Auf dem Zitronenmarkt

Wie Unternehmen die "Zitronen" unter den Freiberuflern erkennen können

Johannes Wiethölter

Unternehmen setzen in IT-Projekten zunehmend auf die Expertise von Freiberuflern. Dabei müssen sie sich oft mehr oder weniger blind darauf verlassen, dass deren Leistungsprofil auch wirklich hält, was es verspricht. Dieser Artikel behandelt das Problem, wie die Qualität von externen Mitarbeitern vorab bewertet werden kann und zeigt Indikatoren auf, die dabei helfen können.

Business Technology

Der Artikel „Auf dem Zitronenmarkt“ von Johannes Wiethölter ist erstmalig erschienen im

Business Technology Magazin 1.2012

Als George A. Akerlof 1970 seinen Aufsatz über asymmetrische Informationen schrieb, hat er sicherlich nicht geahnt, dass er Jahre später dafür den Wirtschaftsnobelpreis verliehen bekommen würde. Das Problem der asymmetrischen Information beschreibt, dass eine Partei bei einem Handel mehr über ein Produkt oder seine Leistungsfähigkeit weiß als die andere. Bei der Besetzung von IT-Projekten gibt es einige Analogien zu der Theorie von Akerlof. Wie sehen diese aus und wie können Unternehmen damit umgehen? Zu Beginn wollen wir uns der Frage widmen, wie uns Informationsasymmetrien eigentlich im täglichen Geschäft behindern: Nach dem Beispiel von Akerlof stellen wir uns vor, wir möchten ein gebrauchtes Auto kaufen. Wir finden nach eingängiger Recherche drei Autos, die alle von derselben Marke sind, einen fast identischen Kilometerstand und gleiche Ausstattung haben, aber trotzdem zu ganz unterschiedlichen Preisen angeboten werden. Alle Verkäufer behaupten, dass sich die Fahrzeuge in einem guten Zustand befinden. So gesehen könnten wir unsere Entscheidung also ausschließlich vom Verkaufspreis abhängig machen, oder? Aber würden Sie sich wirklich allein auf die Auskunft der Händler verlassen? Vermutlich nicht. Sie wissen um die Unsicherheit der Qualität und würden versuchen, sich ein eigenes Urteil zu bilden, Zeit und eventuell auch Geld investieren, um das Risiko eines Fehlkaufs zu minimieren.
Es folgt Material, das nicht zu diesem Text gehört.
(* If the chord of g beyond y were steeper than \<phi> (w + y), then, by continuity of \<phi>, accepting
   slightly more than y would increase the pseudo-utility. *)
lemma ota_choice_marginal_value_le:
  assumes A: "assumption_A L U (D, g)" and w: "0 \<le> w" "w \<le> C"
  defines "y \<equiv> ota_choice C \<phi> w (D, g)"
  assumes "w + y < C" "y < x" "x \<le> D"
  shows "g x - g y \<le> \<phi> (w + y) * (x - y)"
proof (rule ccontr)
  define v where "v = w + y"
  define s where "s = (g x - g y) / (x - y)"
  assume "\<not> g x - g y \<le> \<phi> (w + y) * (x - y)"
  then have "\<phi> v < s"
    using \<open>y < x\<close> by (simp add: v_def s_def field_simps)
  have y: "0 \<le> y" "w + y \<le> C"
    using ota_choice_greatest_maximizer(1)[OF A w] by (auto simp: y_def)
  then have "v \<in> {0..C}"
    using w by (simp add: v_def)
  moreover have "s - \<phi> v > 0"
    using \<open>\<phi> v < s\<close> by simp
  ultimately obtain d where "d > 0"
    and d: "\<And>u. u \<in> {0..C} \<Longrightarrow> dist u v < d \<Longrightarrow> dist (\<phi> u) (\<phi> v) < s - \<phi> v"
    using threshold_continuous unfolding continuous_on_iff by blast
  define t where "t = min (d / 2) (min (x - y) (C - v))"
  have t: "0 < t" "t < d" "t \<le> x - y" "v + t \<le> C"
    using \<open>d > 0\<close> \<open>y < x\<close> \<open>w + y < C\<close> by (auto simp: t_def v_def)
  then have "dist (\<phi> (v + t)) (\<phi> v) < s - \<phi> v"
    using d[of "v + t"] \<open>v \<in> {0..C}\<close> by (simp add: dist_real_def)
  then have "\<phi> (v + t) < s"
    by (simp add: dist_real_def abs_less_iff)
  then have "\<phi> (v + t) * t < s * t"
    using t by (intro mult_strict_right_mono)
  moreover have "\<Phi> (v + t) - \<Phi> v \<le> \<phi> (v + t) * t"
    using threshold_increment_bounds(2)[of v "v + t"] t \<open>v \<in> {0..C}\<close> by simp
  ultimately have "\<Phi> (v + t) - \<Phi> v < s * t"
    by linarith
  moreover have "g y + s * t \<le> g (y + t)"
  proof -
    have "concave_on {0..D} g"
      using A by (simp add: assumption_A_def)
    then have "concave_on {y..x} g"
      unfolding concave_on_def by (rule convex_on_subset) (use y \<open>x \<le> D\<close> in auto)
    from concave_onD_Icc'[OF this, of "y + t"] t show ?thesis
      by (simp add: s_def algebra_simps)
  qed
  moreover have "g (y + t) - (\<Phi> (v + t) - \<Phi> w) \<le> g y - (\<Phi> v - \<Phi> w)"
    using ota_choice_greatest_maximizer(2)[OF A w, of "y + t"] y t \<open>x \<le> D\<close>
    by (simp add: v_def y_def add.assoc)
  ultimately show False
    by linarith
qed

lemma ota_choice_dual_inequality:
  assumes A: "assumption_A L U (D, g)" and w: "0 \<le> w" "w \<le> C"
  defines "y \<equiv> ota_choice C \<phi> w (D, g)"
  assumes p: "\<phi> (w + y) \<le> p" and x: "0 \<le> x" "x \<le> D"
  shows "g x - p * x \<le> g y - (\<Phi> (w + y) - \<Phi> w)"
proof -
  have y: "0 \<le> y" "y \<le> D" "w + y \<le> C"
    using ota_choice_greatest_maximizer(1)[OF A w] by (auto simp: y_def)
  have "\<Phi> (w + y) - \<Phi> w \<le> \<phi> (w + y) * y"
    using threshold_increment_bounds(2)[of w "w + y"] w y by simp
  also have "\<dots> \<le> p * y"
    using p y by (intro mult_right_mono)
  finally have price_y: "\<Phi> (w + y) - \<Phi> w \<le> p * y" .
  show ?thesis
  proof (cases "x \<le> y")
    case True
    have "\<Phi> (w + x) - \<Phi> w \<le> \<phi> (w + x) * x"
      using threshold_increment_bounds(2)[of w "w + x"] w x y True by simp
    also have "\<dots> \<le> p * x"
      using threshold_monoD[of "w + x" "w + y"] w x y p True by (intro mult_right_mono) auto
    finally show ?thesis
      using ota_choice_greatest_maximizer(2)[OF A w, of x] x y True by (simp add: y_def)
  next
    case False
    have "g x - g y \<le> p * (x - y)"
    proof (cases "w + y < C")
      case True
      then have "g x - g y \<le> \<phi> (w + y) * (x - y)"
        using ota_choice_marginal_value_le[OF A w] False x by (simp add: y_def)
      also have "\<dots> \<le> p * (x - y)"
        using p False by (intro mult_right_mono) auto
      finally show ?thesis .
    next
      case False
      then have "U \<le> p"
        using y p threshold_at_capacity by simp
      have "g x - g y \<le> U * (x - y)"
        using assumption_A_increment_bounds(2)[OF A, of y x] y x \<open>\<not> x \<le> y\<close> by simp
      also have "\<dots> \<le> p * (x - y)"
        using \<open>U \<le> p\<close> \<open>\<not> x \<le> y\<close> by (intro mult_right_mono) auto
      finally show ?thesis .
    qed
    then show ?thesis
      using price_y by (simp add: algebra_simps)
  qed
qed

lemma ota_choice_eq_size:
  assumes A: "assumption_A L U (D, g)" and w: "0 \<le> w" "w \<le> C"
  defines "y \<equiv> ota_choice C \<phi> w (D, g)"
  assumes b: "b \<le> C" "\<phi> b \<le> L" and "w + y < b"
  shows "y = D"
proof (rule ccontr)
  let ?F = "\<lambda>z. g z - (\<Phi> (w + z) - \<Phi> w)"
  assume "y \<noteq> D"
  have y: "0 \<le> y" "y < D"
    using ota_choice_greatest_maximizer(1)[OF A w] \<open>y \<noteq> D\<close> by (auto simp: y_def)
  define z where "z = min D (b - w)"
  have z: "y < z" "z \<in> {0..min D (C - w)}" "w + z \<le> b"
    using y \<open>w + y < b\<close> b by (auto simp: z_def)
  have "\<Phi> (w + z) - \<Phi> (w + y) \<le> \<phi> (w + z) * (z - y)"
    using threshold_increment_bounds(2)[of "w + y" "w + z"] w y z b by simp
  also have "\<dots> \<le> L * (z - y)"
    using threshold_monoD[of "w + z" b] w y z b by (intro mult_right_mono) auto
  also have "\<dots> \<le> g z - g y"
    using assumption_A_increment_bounds(1)[OF A, of y z] y z by simp
  finally have "?F y \<le> ?F z"
    by simp
  then have "\<forall>z'\<in>{0..min D (C - w)}. ?F z' \<le> ?F z"
    using ota_choice_greatest_maximizer(2)[OF A w] unfolding y_def by (meson order_trans)
  then have "z \<le> y"
    using ota_choice_greatest_maximizer(3)[OF A w z(2)] by (simp add: y_def)
  then show False
    using z by simp
qed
Und welche Auswirkung hat die beschriebene Informationsasymmetrie auf die Händler? Es gibt Händler mit guten Autos und welche mit schlechten – den so genannten „Zitronen“. Die Händler von guten Autos haben durch die Informationsasymmetrie meist das Nachsehen, denn der Käufer orientiert sich in der Regel am Durchschnittspreis. Auch kann der Käufer die wirkliche Qualität der Ware selten einschätzen. Natürlich wird man erkennen können, ob die Polster noch in Ordnung sind, ob die Karosserie Beulen oder Kratzer aufweist, aber die „inneren Werte“ der Ware sieht man nicht auf den ersten Blick. Der Käufer kann also beim Erwerb nicht beurteilen, ob die Ware wirklich gut oder schlecht ist. Verlangt der Händler mit der guten Ware einen dafür angemessenen Preis, wird er im schlechtesten Fall auf dem Wagen sitzen bleiben, da dieser im Vergleich zu teuer erscheint. Oder er muss die Ware unter Wert verkaufen. Händler schlechter Ware hingegen profitieren zunächst, da sie die Ware zum Durchschnittssatz anbieten, obwohl sie weniger Wert ist.
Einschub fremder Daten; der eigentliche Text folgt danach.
lemma desc_children_disjoint:
  assumes "u \<in> child w" "u' \<in> child w" "x \<in> desc u" "x \<in> desc u'"
  shows "u = u'"
proof -
  obtain b b' where "root_path x = root_path u @ b" "root_path x = root_path u' @ b'"
    using desc_root_path assms(3,4) by metis
  moreover have "length (root_path u) = length (root_path u')"
    using child_root_path assms(1,2) by simp
  ultimately have "root_path u = root_path u'" by (simp add: append_eq_append_conv)
  then show ?thesis using child_root_path assms(1,2) by simp
qed

lemma length_root_path_le: "x \<in> V \<Longrightarrow> length (root_path x) \<le> card V"
  using root_path_spec[of x] card_mono[OF finite_V root_path_in_V[of x]]
  by (simp add: is_path_def distinct_card)

lemma child_induct[consumes 1, case_names step]:
  assumes "w \<in> V" and step: "\<And>w. w \<in> V \<Longrightarrow> (\<And>u. u \<in> child w \<Longrightarrow> P u) \<Longrightarrow> P w"
  shows "P w"
  using assms(1)
proof (induction "card V - length (root_path w)" arbitrary: w rule: less_induct)
  case less
  show ?case
  proof (rule step[OF less.prems])
    fix u assume u: "u \<in> child w"
    have "length (root_path u) = Suc (length (root_path w))" "length (root_path u) \<le> card V"
      using child_root_path[OF u] length_root_path_le[of u] child_in_V[OF u] by auto
    then have "card V - length (root_path u) < card V - length (root_path w)" by simp
    then show "P u" using less.hyps child_in_V[OF u] by blast
  qed
qed

definition subtrees :: "'a \<Rightarrow> 'a set set" where
  "subtrees w = {S. w \<in> S \<and> S \<subseteq> desc w \<and> (\<forall>x\<in>S. x \<noteq> w \<longrightarrow> parent x \<in> S)}"

text \<open>The path from \<open>w\<close> down to a descendant \<open>l\<close>.\<close>

definition branch :: "'a \<Rightarrow> 'a \<Rightarrow> 'a list" where
  "branch w l = w # drop (length (root_path w)) (root_path l)"

definition leaves_in :: "'a set \<Rightarrow> 'a set" where
  "leaves_in S = {l \<in> S. child l \<inter> S = {}}"

lemma subtree_desc: "S \<in> subtrees w \<Longrightarrow> S \<subseteq> desc w"
  unfolding subtrees_def by blast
Analogien zum Freiberuflermarkt

Ja, es gibt sie, die schwarzen Schafe der Branche: Freiberufler, die ihre eigenen Leistungen nicht einschätzen können oder täuschende Angaben zu ihren Kenntnissen machen. Auch Vermittler versuchen nicht selten aus einem Freiberufler mehr zu machen als er ist. Sicher, es gibt Anhaltspunkte und Indizien, die auf Qualität schließen lassen: Jemand, der über mehrere Jahre in einem Projektumfeld tätig gewesen ist, sollte seine Aufgaben erfüllen können. Letztendlich besteht dennoch eine Informationsasymmetrie, wie in Akerlofs Zitronenbeispiel, denn etwa die Einschätzung, ob eine Programmiersprache professionell beherrscht wird, kann schließlich je nach Betrachter stark variieren.
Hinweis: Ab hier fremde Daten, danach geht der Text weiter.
lemma l2norm_mapply_window:
  assumes band: "band_width w A" and "1 \<le> l" and x: "\<And>k. k \<notin> {l..r} \<Longrightarrow> x k = 0"
  shows "l2norm (mapply A Nplus x) = sqrt (\<Sum>i\<in>{1..r + int w}. (cmod (\<Sum>k\<in>{l..r}. A i k * x k))\<^sup>2)"
proof -
  have Ax: "mapply A Nplus x i = (if 1 \<le> i then (\<Sum>k\<in>{l..r}. A i k * x k) else 0)" for i
    using mapply_finite_support[of "{l..r}" Nplus x A i] x \<open>1 \<le> l\<close> by (auto simp: Nplus_def)
  have "mapply A Nplus x i = 0" if "i \<notin> {1..r + int w}" for i
  proof (cases "1 \<le> i")
    case True
    then have "A i k = 0" if "k \<in> {l..r}" for k
      using band \<open>i \<notin> {1..r + int w}\<close> that by (auto simp: band_width_def)
    then show ?thesis
      using Ax by simp
  qed (simp add: Ax)
  then have "l2norm (mapply A Nplus x) = sqrt (\<Sum>i\<in>{1..r + int w}. (cmod (mapply A Nplus x i))\<^sup>2)"
    by (intro l2norm_finite_support(2)) auto
  also have "\<dots> = sqrt (\<Sum>i\<in>{1..r + int w}. (cmod (\<Sum>k\<in>{l..r}. A i k * x k))\<^sup>2)"
    by (simp add: Ax)
  finally show ?thesis .
qed

section \<open>Inverses and lower norms\<close>

lemma inv_norm_eq_ereal:
  assumes inv: "invertible_on A I" and "p \<in> I"
  obtains m where "0 \<le> m" "inv_norm A I = ereal m"
    "\<And>y. y \<in> l2 I \<Longrightarrow> l2norm y = 1 \<Longrightarrow> l2norm (the_inv_into (l2 I) (mapply A I) y) \<le> m"
proof -
  define R where "R = the_inv_into (l2 I) (mapply A I)"
  obtain C where C: "\<And>y. y \<in> l2 I \<Longrightarrow> l2norm (R y) \<le> C * l2norm y"
    using inv unfolding invertible_on_def R_def by blast
  define S where "S = {ereal (l2norm (R y)) | y. y \<in> l2 I \<and> l2norm y = 1}"
  have inv_norm: "inv_norm A I = Sup S"
    using inv unfolding inv_norm_def S_def R_def by simp
  have "Sup S \<le> ereal C"
    by (rule Sup_least) (auto simp: S_def dest: C)
  moreover have "0 \<le> Sup S"
  proof -
    define e where "e = (\<lambda>i. if i = p then 1 else 0 :: complex)"
    have "ereal (l2norm (R e)) \<in> S"
      using l2_unit_vector[OF \<open>p \<in> I\<close>] unfolding S_def e_def by blast
    then show ?thesis
      using Sup_upper l2norm_nonneg order_trans by (metis ereal_less_eq(5))
  qed
  ultimately obtain m where m: "Sup S = ereal m" "0 \<le> m"
    by (cases "Sup S") auto
  show ?thesis
  proof (rule that)
    show "0 \<le> m" "inv_norm A I = ereal m"
      using m inv_norm by simp_all
    show "l2norm (the_inv_into (l2 I) (mapply A I) y) \<le> m" if "y \<in> l2 I" "l2norm y = 1" for y
      using Sup_upper[of "ereal (l2norm (R y))" S] that m(1) by (auto simp: S_def R_def)
  qed
qed

lemma invertible_on_lower_bound:
  assumes inv: "invertible_on A I" and "p \<in> I"
  obtains m where "0 \<le> m" "inv_norm A I = ereal m"
    "\<And>x. x \<in> l2 I \<Longrightarrow> l2norm x \<le> m * l2norm (mapply A I x)"
proof -
  obtain m where m: "0 \<le> m" "inv_norm A I = ereal m"
    and unit_bound: "\<And>y. y \<in> l2 I \<Longrightarrow> l2norm y = 1
      \<Longrightarrow> l2norm (the_inv_into (l2 I) (mapply A I) y) \<le> m"
    using inv_norm_eq_ereal[OF assms] by blast
  have bij: "bij_betw (mapply A I) (l2 I) (l2 I)" and inj: "inj_on (mapply A I) (l2 I)"
    using inv by (auto simp: invertible_on_def bij_betw_def)
  have "l2norm x \<le> m * l2norm (mapply A I x)" if x: "x \<in> l2 I" for x
  proof (cases "l2norm (mapply A I x) = 0")
    case True
    have "mapply A I x = mapply A I (\<lambda>k. 0)"
      using l2norm_eq_0[OF bij_betw_apply[OF bij x] True] by (simp add: mapply_zero)
    then have "x = (\<lambda>k. 0)"
      using inj_onD[OF inj] x l2_finite_support[of "{}" I] by auto
    then show ?thesis
      using True by (simp add: l2norm_zero)
  next
    case False
    define s where "s = l2norm (mapply A I x)"
    have "0 < s"
      using False l2norm_nonneg s_def by (simp add: order_less_le)
    define u where "u = (\<lambda>k. complex_of_real (1 / s) * x k)"
    have u: "u \<in> l2 I" "l2norm u = l2norm x / s"
      using l2_scale[OF x, of "complex_of_real (1 / s)"] \<open>0 < s\<close> by (simp_all add: u_def norm_divide)
    have Au: "mapply A I u = (\<lambda>i. complex_of_real (1 / s) * mapply A I x i)"
      unfolding u_def by (rule mapply_scale)
    have "l2norm (mapply A I u) = 1" "mapply A I u \<in> l2 I"
      using l2_scale[OF bij_betw_apply[OF bij x], of "complex_of_real (1 / s)"] \<open>0 < s\<close>
      by (simp_all add: Au s_def norm_divide)
    moreover have "the_inv_into (l2 I) (mapply A I) (mapply A I u) = u"
      by (rule the_inv_into_f_f[OF inj u(1)])
    ultimately have "l2norm x / s \<le> m"
      using unit_bound u(2) by metis
    then show ?thesis
      using \<open>0 < s\<close> by (simp add: s_def divide_le_eq mult.commute)
  qed
  then show ?thesis
    using that m by simp
qed

lemma invertible_onI_lower_bound:
  assumes band: "band_width w A" and bounded: "bounded_op A I"
    and lower: "\<And>x. x \<in> l2 I \<Longrightarrow> l2norm x \<le> m * l2norm (mapply A I x)"
    and surj: "\<And>y. y \<in> l2 I \<Longrightarrow> \<exists>x\<in>l2 I. mapply A I x = y"
  shows "invertible_on A I" "inv_norm A I \<le> ereal m"
proof -
  have into: "mapply A I x \<in> l2 I" if "x \<in> l2 I" for x
    using bounded that unfolding bounded_op_def by blast
  have inj: "inj_on (mapply A I) (l2 I)"
  proof (rule inj_onI)
    fix x y assume x: "x \<in> l2 I" and y: "y \<in> l2 I" and eq: "mapply A I x = mapply A I y"
    have "l2norm (\<lambda>k. x k - y k) \<le> m * l2norm (mapply A I (\<lambda>k. x k - y k))"
      using lower[OF l2_diff[OF x y]] .
    also have "\<dots> = 0"
      using eq by (simp add: mapply_diff[OF band] l2norm_zero)
    finally have "(\<lambda>k. x k - y k) = (\<lambda>k. 0)"
      using l2norm_eq_0[OF l2_diff[OF x y]] l2norm_nonneg by (simp add: order_antisym)
    then show "x = y"
      by (simp add: fun_eq_iff)
  qed
  have bij: "bij_betw (mapply A I) (l2 I) (l2 I)"
    using inj into surj unfolding bij_betw_def by blast
  have inverse_bound: "l2norm (the_inv_into (l2 I) (mapply A I) y) \<le> m * l2norm y" if y: "y \<in> l2 I" for y
  proof -
    obtain x where "x \<in> l2 I" "mapply A I x = y"
      using surj[OF y] by blast
    then show ?thesis
      using lower the_inv_into_f_f[OF inj] by metis
  qed
  show inv: "invertible_on A I"
    unfolding invertible_on_def using bounded bij inverse_bound by blast
  show "inv_norm A I \<le> ereal m"
    unfolding inv_norm_def using inv by (auto intro!: Sup_least dest: inverse_bound)
qed

lemma nu_le:
  assumes "x \<in> l2 I" "l2norm x = 1" "\<forall>i j. x i \<noteq> 0 \<longrightarrow> x j \<noteq> 0 \<longrightarrow> \<bar>i - j\<bar> < int N"
  shows "nu N A I \<le> l2norm (mapply A I x)"
  unfolding nu_def using assms
  by (intro cInf_lower) (blast, auto intro!: bdd_belowI[of _ 0] simp: l2norm_nonneg)

lemma le_nu:
  assumes "p \<in> I" "1 \<le> N"
    and "\<And>x. x \<in> l2 I \<Longrightarrow> l2norm x = 1 \<Longrightarrow> \<forall>i j. x i \<noteq> 0 \<longrightarrow> x j \<noteq> 0 \<longrightarrow> \<bar>i - j\<bar> < int N
      \<Longrightarrow> m \<le> l2norm (mapply A I x)"
  shows "m \<le> nu N A I"
proof -
  define e where "e = (\<lambda>i. if i = p then 1 else 0 :: complex)"
  have "e \<in> l2 I \<and> l2norm e = 1 \<and> (\<forall>i j. e i \<noteq> 0 \<longrightarrow> e j \<noteq> 0 \<longrightarrow> \<bar>i - j\<bar> < int N)"
    using l2_unit_vector[OF assms(1)] assms(2) by (simp add: e_def)
  then show ?thesis
    unfolding nu_def using assms(3) by (intro cInf_greatest) blast+
qed

lemma nu_win_le:
  assumes "(\<Sum>k\<in>{l..r}. (cmod (x k))\<^sup>2) = 1"
  shows "nu_win w A l r \<le> sqrt (\<Sum>i\<in>{1..r + int w}. (cmod (\<Sum>k\<in>{l..r}. A i k * x k))\<^sup>2)"
  unfolding nu_win_def using assms
  by (intro cInf_lower) (blast, auto intro!: bdd_belowI[of _ 0] sum_nonneg)

lemma le_nu_win:
  assumes "l \<le> r"
    and "\<And>x. (\<Sum>k\<in>{l..r}. (cmod (x k))\<^sup>2) = 1
      \<Longrightarrow> m \<le> sqrt (\<Sum>i\<in>{1..r + int w}. (cmod (\<Sum>k\<in>{l..r}. A i k * x k))\<^sup>2)"
  shows "m \<le> nu_win w A l r"
  unfolding nu_win_def
proof (rule cInf_greatest)
  define e where "e = (\<lambda>k. if k = l then 1 else 0 :: complex)"
  have "(\<Sum>k\<in>{l..r}. (cmod (e k))\<^sup>2) = (\<Sum>k\<in>{l..r}. if k = l then 1 else 0)"
    by (intro sum.cong) (auto simp: e_def)
  also have "\<dots> = 1"
    using assms(1) by simp
  finally show "{sqrt (\<Sum>i\<in>{1..r + int w}. (cmod (\<Sum>k\<in>{l..r}. A i k * x k))\<^sup>2) | x.
      (\<Sum>k\<in>{l..r}. (cmod (x k))\<^sup>2) = 1} \<noteq> {}"
    by blast
qed (use assms(2) in blast)

lemma support_in_window:
  assumes "x \<noteq> (\<lambda>i. 0)" and diam: "\<forall>i j. x i \<noteq> 0 \<longrightarrow> x j \<noteq> 0 \<longrightarrow> \<bar>i - j\<bar> < int N"
  obtains l where "x l \<noteq> 0" "\<And>k. k \<notin> {l..l + int N - 1} \<Longrightarrow> x k = 0"
proof -
  obtain s where s: "x s \<noteq> 0"
    using assms(1) by auto
  define supp where "supp = {k. x k \<noteq> 0}"
  have "supp \<subseteq> {s - int N..s + int N}"
  proof
    fix k assume "k \<in> supp"
    then have "\<bar>k - s\<bar> < int N"
      using diam s by (simp add: supp_def)
    then show "k \<in> {s - int N..s + int N}"
      by (simp add: abs_less_iff)
  qed
  then have "finite supp"
    by (rule finite_subset) simp
  define l where "l = Min supp"
  have "x l \<noteq> 0"
    using Min_in[OF \<open>finite supp\<close>] s by (auto simp: l_def supp_def)
  moreover have "x k = 0" if "k \<notin> {l..l + int N - 1}" for k
  proof (rule ccontr)
    assume "x k \<noteq> 0"
    then have "l \<le> k" "\<bar>k - l\<bar> < int N"
      using Min_le[OF \<open>finite supp\<close>] diam \<open>x l \<noteq> 0\<close> by (auto simp: l_def supp_def)
    with that show False
      by simp
  qed
  ultimately show ?thesis
    by (rule that)
qed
Was passiert nun im Einzelnen, wenn Unternehmen den Einsatz externer Mitarbeiter planen und die Qualität möglicher Kandidaten bewerten müssen? Im ersten Schritt wird das Unternehmen (der Käufer) Leistungsprofile von Bewerbern erhalten, vermutlich in Verbindung mit einem geforderten Stundensatz. Auf dieser Grundlage muss das Unternehmen die erste Entscheidung treffen, ob ein Bewerber grundsätzlich interessant ist oder nicht. Dabei bleibt zunächst ungeklärt, ob im Profil eine Information verschwiegen beziehungsweise alle Fakten genannt wurden oder ob die Angaben überhaupt korrekt sind.

Wir haben die Schwierigkeit, dass bei der Einschätzung von Kandidaten die Kompetenzen oder Leistungsfähigkeit und somit die zu erwartende Qualität objektiv schwer messbar ist. Wir haben es mit human- und sozialwissenschaftlichen Variablen zu tun, nicht mit naturwissenschaftlichen Größen. Auch fehlen in der Regel Informationen, wie der Stundensatz eigentlich zustande kommt. Ist der Stundensatz hoch, weil der Freiberufler die Qualität erbringt? Ist das der Stundensatz, den der Freiberufler in der Regel erhält oder hat er hoch angesetzt, weil er mit Preisverhandlungen rechnet? Oder andersherum: Ist der Stundensatz niedrig, weil er die Qualität nicht erbringen kann? Oder macht er ein attraktives Angebot, weil das Projekt und die Technologie ihn reizen? Was bleibt, ist eine Unsicherheit, wie im Beispiel des Autokaufs. Wir wollen schließlich keine „Zitronen“ in unserem Projekt haben. Wir müssen also Zeit und Geld in eine detailliertere Qualifizierung investieren.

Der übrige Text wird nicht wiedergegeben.